Beside her, Zack watched the telltale trembling of the coffee cup as she raised it to her lips, and he felt a ridiculous urge to apologize for terrifying her like this. She had a lovely profile he thought, studying her face in the light of the dashboard, with a small nose and stubborn chin and high cheekbones. She also had magnificent eyes, he decided, thinking of the way they'd shot sparks at him a few minutes ago. Spectacular eyes. He felt a sharp stab of guilty shame for using and frightening this innocent girl who'd been trying to be a good Samaritan—and because he had every intention of continuing to use her, he felt like the animal everybody believed he was. To silence his conscience, he resolved to make things as easy on her as he possibly could, which led him to decide to engage her in further conversation.

He'd noticed she wore no wedding ring, which meant she wasn't married. He tried to remember what people—civilized people on the "outside"—talked about for idle conversation, and he finally said, "Do you like teaching?"

She turned again, her incredible eyes wide with suppressed antagonism. "Do you expect me," she uttered in disbelief, "to engage in polite small talk with you?"

"Yes!" he snapped, irrationally angry at her reluctance to let him make amends. "I do. Start talking!"

"I love teaching," Julie shot back shakily, hating how easily he could intimidate her. "How far do you intend for me to drive you?" she demanded as they passed a sign that said the Oklahoma border was twenty miles away.

"Oklahoma," Zack said, half-truthfully.

Chapter 19

"We're in Oklahoma," Julie pointed out the instant they drove past the sign announcing they were there.

He shot her a look of grim amusement. "I see that."

"Well? Where do you want to get out?"

"Keep driving."

"Keep driving?" she cried in nervous fury. "Now look, you miserable— I'm not driving you all the way to Colorado!"

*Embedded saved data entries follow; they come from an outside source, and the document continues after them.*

(* Let $G$ be a finite connected graph, viewed as an electrical network with unit resistance on each edge, and let $x,y$ be vertices of $G$. Then for every $\varepsilon>0$, $$\mathbb{P}_x\big(\tau_y\leq \varepsilon\, (R_{\mathrm{eff}}(x\leftrightarrow y))^2\big)\leq \varepsilon,$$ where $(X_t)$ is simple random walk on $G$ started at $x$.
   Context: $\tau_y=\min\{t\geq 1:X_t=y\}$. $R_{\mathrm{eff}}(x\leftrightarrow y)$ is the effective resistance between $x$ and $y$ in the network with unit edge resistances. *)

theory Defs
  imports "HOL-Probability.Probability"
begin

definition finite_connected_graph :: "'a set \<Rightarrow> ('a \<Rightarrow> 'a \<Rightarrow> bool) \<Rightarrow> bool" where
  "finite_connected_graph V E \<longleftrightarrow>
     finite V \<and> V \<noteq> {} \<and>
     (\<forall>u v. E u v \<longrightarrow> u \<in> V \<and> v \<in> V) \<and>
     (\<forall>u v. E u v \<longrightarrow> E v u) \<and>
     (\<forall>u. \<not> E u u) \<and>
     (\<forall>u\<in>V. \<forall>v\<in>V. (u, v) \<in> {(a, b). E a b}\<^sup>*)"

text \<open>One step of simple random walk: uniform over the neighbours
  (an isolated vertex stays put; this only happens in the one-vertex graph).\<close>
definition srw_step :: "('a \<Rightarrow> 'a \<Rightarrow> bool) \<Rightarrow> 'a \<Rightarrow> 'a pmf" where
  "srw_step E v = (if {w. E v w} = {} then return_pmf v else pmf_of_set {w. E v w})"

fun srw_traj :: "('a \<Rightarrow> 'a \<Rightarrow> bool) \<Rightarrow> nat \<Rightarrow> 'a \<Rightarrow> 'a list pmf" where
  "srw_traj E 0 v = return_pmf [v]"
| "srw_traj E (Suc n) v = bind_pmf (srw_step E v) (\<lambda>w. map_pmf (\<lambda>xs. v # xs) (srw_traj E n w))"

text \<open>P_x(tau_y \<le> T) where tau_y = min{t \<ge> 1 : X_t = y}.\<close>
definition srw_hit_prob :: "('a \<Rightarrow> 'a \<Rightarrow> bool) \<Rightarrow> 'a \<Rightarrow> 'a \<Rightarrow> real \<Rightarrow> real" where
  "srw_hit_prob E x y T =
     measure_pmf.prob (srw_traj E (nat \<lfloor>T\<rfloor>) x)
       {xs. \<exists>t. 1 \<le> t \<and> real t \<le> T \<and> xs ! t = y}"

text \<open>Dirichlet energy of f with unit edge resistances (each edge counted once).\<close>
definition energy :: "'a set \<Rightarrow> ('a \<Rightarrow> 'a \<Rightarrow> bool) \<Rightarrow> ('a \<Rightarrow> real) \<Rightarrow> real" where
  "energy V E f = (1/2) * (\<Sum>u\<in>V. \<Sum>v\<in>{w\<in>V. E u w}. (f u - f v)\<^sup>2)"

text \<open>Effective conductance via the Dirichlet principle, and effective resistance
  as its reciprocal (R_eff(x,x) = 0).\<close>
definition eff_conductance :: "'a set \<Rightarrow> ('a \<Rightarrow> 'a \<Rightarrow> bool) \<Rightarrow> 'a \<Rightarrow> 'a \<Rightarrow> real" where
  "eff_conductance V E x y = Inf {energy V E f | f. f x = 1 \<and> f y = 0}"

definition eff_resistance :: "'a set \<Rightarrow> ('a \<Rightarrow> 'a \<Rightarrow> bool) \<Rightarrow> 'a \<Rightarrow> 'a \<Rightarrow> real" where
  "eff_resistance V E x y = (if x = y then 0 else 1 / eff_conductance V E x y)"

Zack had his answer, she knew where he was going.

"I won't do it!" Julie warned shakily, unaware that she had just sealed her fate. "I can't."

With an inner sigh at the battle she was bound to wage, he said, "Yes, Ms. Mathison, you can. And you will."

His unflappable calm was the last straw. "Go to hell!" Julie cried, swinging the steering wheel hard to the right before he could stop her and sending the vehicle careening onto the shoulder as she slammed on the brakes and brought it to a lurching stop. "Take the car!" she pleaded. "Take it and leave me here. I won't tell anyone I've seen you or where you're going. I swear I won't tell anyone."